• **TASK DETAILS**
Across the entries below, please work out how many lines contain the string "symmetric" and give only the number.

○ ○ ○

(* Let $T>0$, $p>1$, $E_1\ge0$, $\epsilon\in(0,1)$. Let $\varphi,\varphi_\epsilon\in L^2(\mathbb{R})$ with $\|\varphi-\varphi_\epsilon\|\le\epsilon$, and let $u$ be the exact solution of the backward heat problem with final value $\varphi$, satisfying $\|u(\cdot,0)\|\le E_1$. Choose $\beta=\epsilon^p$ and let $v_\epsilon=R_\beta\varphi_\epsilon$. Then for every $t\in[0,T]$, $$\|u(\cdot,t)-v_\epsilon(\cdot,t)\|\le \epsilon^{\frac{t}{T}}(E_1+1).$$
   Context: $\|\cdot\|$ denotes the norm of $L^2(\mathbb{R})$. The Fourier transform is $\hat\psi(\xi)=\frac{1}{\sqrt{2\pi}}\int_{-\infty}^{\infty}\psi(x)e^{-i\xi x}\,dx$ (extended to $L^2(\mathbb{R})$ as a unitary map). Exact solution: for $\varphi\in L^2(\mathbb{R})$, the exact solution $u$ of $u_t-u_{xx}=0$ on $\mathbb{R}\times(0,T)$, $u(\cdot,T)=\varphi$, is given by $\hat u(\xi,t)=e^{(T-t)\xi^2}\hat\varphi(\xi)$ for $t\in[0,T]$; it is assumed that $u(\cdot,0)\in L^2(\mathbb{R})$. Regularized solution: for $\beta>0$ and $\psi\in L^2(\mathbb{R})$, $R_\beta\psi$ is the function whose Fourier transform in $x$ is $\widehat{(R_\beta\psi)}(\xi,t)=\frac{e^{-t\xi^2}}{\beta e^{(p-1)T\xi^2}+e^{-T\xi^2}}\hat\psi(\xi)=\frac{e^{(T-t)\xi^2}}{1+\beta e^{pT\xi^2}}\hat\psi(\xi)$, $t\in[0,T]$. *)

theory Defs
  imports "HOL-Analysis.Analysis"
begin

text \<open>Square-integrable complex-valued functions on the real line (elements of L^2(R),
  represented by functions; the Fourier transform below is only required to behave
  correctly up to null sets).\<close>
definition L2 :: "(real \<Rightarrow> complex) set" where
  "L2 = {f. f \<in> borel_measurable lborel \<and> integrable lborel (\<lambda>x. (cmod (f x))\<^sup>2)}"

definition L2_norm :: "(real \<Rightarrow> complex) \<Rightarrow> real" where
  "L2_norm f = sqrt (\<integral>x. (cmod (f x))\<^sup>2 \<partial>lborel)"

definition fourier_integral :: "(real \<Rightarrow> complex) \<Rightarrow> real \<Rightarrow> complex" where
  "fourier_integral f \<xi> =
     complex_of_real (1 / sqrt (2 * pi)) * (\<integral>x. f x * cis (- (\<xi> * x)) \<partial>lborel)"

text \<open>These properties determine F on L2 up to null sets.\<close>
definition is_L2_fourier :: "((real \<Rightarrow> complex) \<Rightarrow> (real \<Rightarrow> complex)) \<Rightarrow> bool" where
  "is_L2_fourier F \<longleftrightarrow>
     (\<forall>f\<in>L2. F f \<in> L2 \<and> L2_norm (F f) = L2_norm f) \<and>
     (\<forall>f\<in>L2. \<forall>g\<in>L2. \<forall>c::complex.
        AE \<xi> in lborel. F (\<lambda>x. c * f x + g x) \<xi> = c * F f \<xi> + F g \<xi>) \<and>
     (\<forall>g\<in>L2. \<exists>f\<in>L2. AE \<xi> in lborel. F f \<xi> = g \<xi>) \<and>
     (\<forall>f\<in>L2. integrable lborel f \<longrightarrow> (AE \<xi> in lborel. F f \<xi> = fourier_integral f \<xi>))"

end

theory Submission
  imports Defs
begin

(* On the Fourier side the error u(t) - v(t) has the symbol
     e^((T-t)s) Phi - e^((T-t)s)/(1 + z) Phi_eps,     s = xi^2,  z = eps^p e^(pTs),
   which splits as  c * (e^(Ts) Phi) + K * (Phi - Phi_eps)  with
     c = e^(-ts) z/(1+z) <= eps^(t/T)   and   K = e^((T-t)s)/(1+z) <= eps^(t/T-1).
   Both bounds reduce, after writing the left side as a power of eps times z^r/(1+z)
   with 0 <= r <= 1, to the elementary inequality z^r <= 1 + z.
   Since e^(Ts) Phi is the transform of u(0), Plancherel turns this pointwise bound into
     ||u(t) - v(t)|| <= eps^(t/T) ||u(0)|| + eps^(t/T-1) ||phi - phi_eps||
                     <= eps^(t/T) E1 + eps^(t/T-1) eps = eps^(t/T) (E1 + 1). *)

lemma integral_Cauchy_Schwarz:
  fixes f g :: "'a \<Rightarrow> real"
  assumes [measurable]: "f \<in> borel_measurable M" "g \<in> borel_measurable M"
    and nonneg: "\<And>x. f x \<ge> 0" "\<And>x. g x \<ge> 0"
    and sq_int: "integrable M (\<lambda>x. (f x)\<^sup>2)" "integrable M (\<lambda>x. (g x)\<^sup>2)"
  shows "integrable M (\<lambda>x. f x * g x)"
    and "(\<integral>x. f x * g x \<partial>M) \<le> sqrt (\<integral>x. (f x)\<^sup>2 \<partial>M) * sqrt (\<integral>x. (g x)\<^sup>2 \<partial>M)"
proof -
  show int: "integrable M (\<lambda>x. f x * g x)"
  proof (rule Bochner_Integration.integrable_bound[OF Bochner_Integration.integrable_add[OF sq_int]])
    show "AE x in M. norm (f x * g x) \<le> norm ((f x)\<^sup>2 + (g x)\<^sup>2)"
    proof (rule AE_I2)
      fix x
      have "2 * f x * g x \<le> (f x)\<^sup>2 + (g x)\<^sup>2" by (rule sum_squares_bound)
      moreover have "0 \<le> f x * g x" using nonneg[of x] by simp
      ultimately show "norm (f x * g x) \<le> norm ((f x)\<^sup>2 + (g x)\<^sup>2)"
        by simp
    qed
  qed measurable
  define I A B where "I = (\<integral>x. f x * g x \<partial>M)" and "A = (\<integral>x. (f x)\<^sup>2 \<partial>M)"
    and "B = (\<integral>x. (g x)\<^sup>2 \<partial>M)"
  have I_nonneg: "I \<ge> 0" and A_nonneg: "A \<ge> 0" and B_nonneg: "B \<ge> 0"
    using nonneg unfolding I_def A_def B_def by auto
  have "(\<integral>\<^sup>+x. ennreal (f x) * ennreal (g x) \<partial>M)\<^sup>2
        \<le> (\<integral>\<^sup>+x. ennreal (f x) ^ 2 \<partial>M) * (\<integral>\<^sup>+x. ennreal (g x) ^ 2 \<partial>M)"
    by (rule Cauchy_Schwarz_nn_integral) measurable
  also have "(\<integral>\<^sup>+x. ennreal (f x) * ennreal (g x) \<partial>M) = ennreal I"
    using nonneg int unfolding I_def
    by (simp add: ennreal_mult[symmetric] nn_integral_eq_integral)
  also have "(\<integral>\<^sup>+x. ennreal (f x) ^ 2 \<partial>M) = ennreal A"
    using nonneg sq_int unfolding A_def
    by (simp add: ennreal_power nn_integral_eq_integral)
  also have "(\<integral>\<^sup>+x. ennreal (g x) ^ 2 \<partial>M) = ennreal B"
    using nonneg sq_int unfolding B_def
    by (simp add: ennreal_power nn_integral_eq_integral)
  finally have "I\<^sup>2 \<le> A * B"
    using I_nonneg A_nonneg B_nonneg by (simp add: ennreal_power ennreal_mult[symmetric])
  then have "I \<le> sqrt (A * B)"
    using real_sqrt_le_mono real_sqrt_abs by fastforce
  then show "I \<le> sqrt A * sqrt B" by (simp add: real_sqrt_mult)
qed

text \<open>L2 is closed under differences, since |f - g|^2 <= 2|f|^2 + 2|g|^2.\<close>

lemma L2_diff:
  assumes "f \<in> L2" "g \<in> L2"
  shows "(\<lambda>x. f x - g x) \<in> L2"
proof -
  have [measurable]: "f \<in> borel_measurable lborel" "g \<in> borel_measurable lborel"
    using assms by (auto simp: L2_def)
  have dom: "integrable lborel (\<lambda>x. 2 * (cmod (f x))\<^sup>2 + 2 * (cmod (g x))\<^sup>2)"
    using assms by (auto simp: L2_def)
  have "integrable lborel (\<lambda>x. (cmod (f x - g x))\<^sup>2)"
  proof (rule Bochner_Integration.integrable_bound[OF dom])
    show "AE x in lborel. norm ((cmod (f x - g x))\<^sup>2) \<le> norm (2 * (cmod (f x))\<^sup>2 + 2 * (cmod (g x))\<^sup>2)"
    proof (rule AE_I2)
      fix x
      have "(cmod (f x - g x))\<^sup>2 \<le> (cmod (f x) + cmod (g x))\<^sup>2"
        by (simp add: power_mono norm_triangle_ineq4)
      also have "\<dots> \<le> 2 * (cmod (f x))\<^sup>2 + 2 * (cmod (g x))\<^sup>2"
        using sum_squares_bound[of "cmod (f x)" "cmod (g x)"] by (simp add: power2_sum)
      finally show "norm ((cmod (f x - g x))\<^sup>2) \<le> norm (2 * (cmod (f x))\<^sup>2 + 2 * (cmod (g x))\<^sup>2)"
        by simp
    qed
  qed measurable
  then show ?thesis by (auto simp: L2_def)
qed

○ ○ ○

• **ANSWER SECTION**
2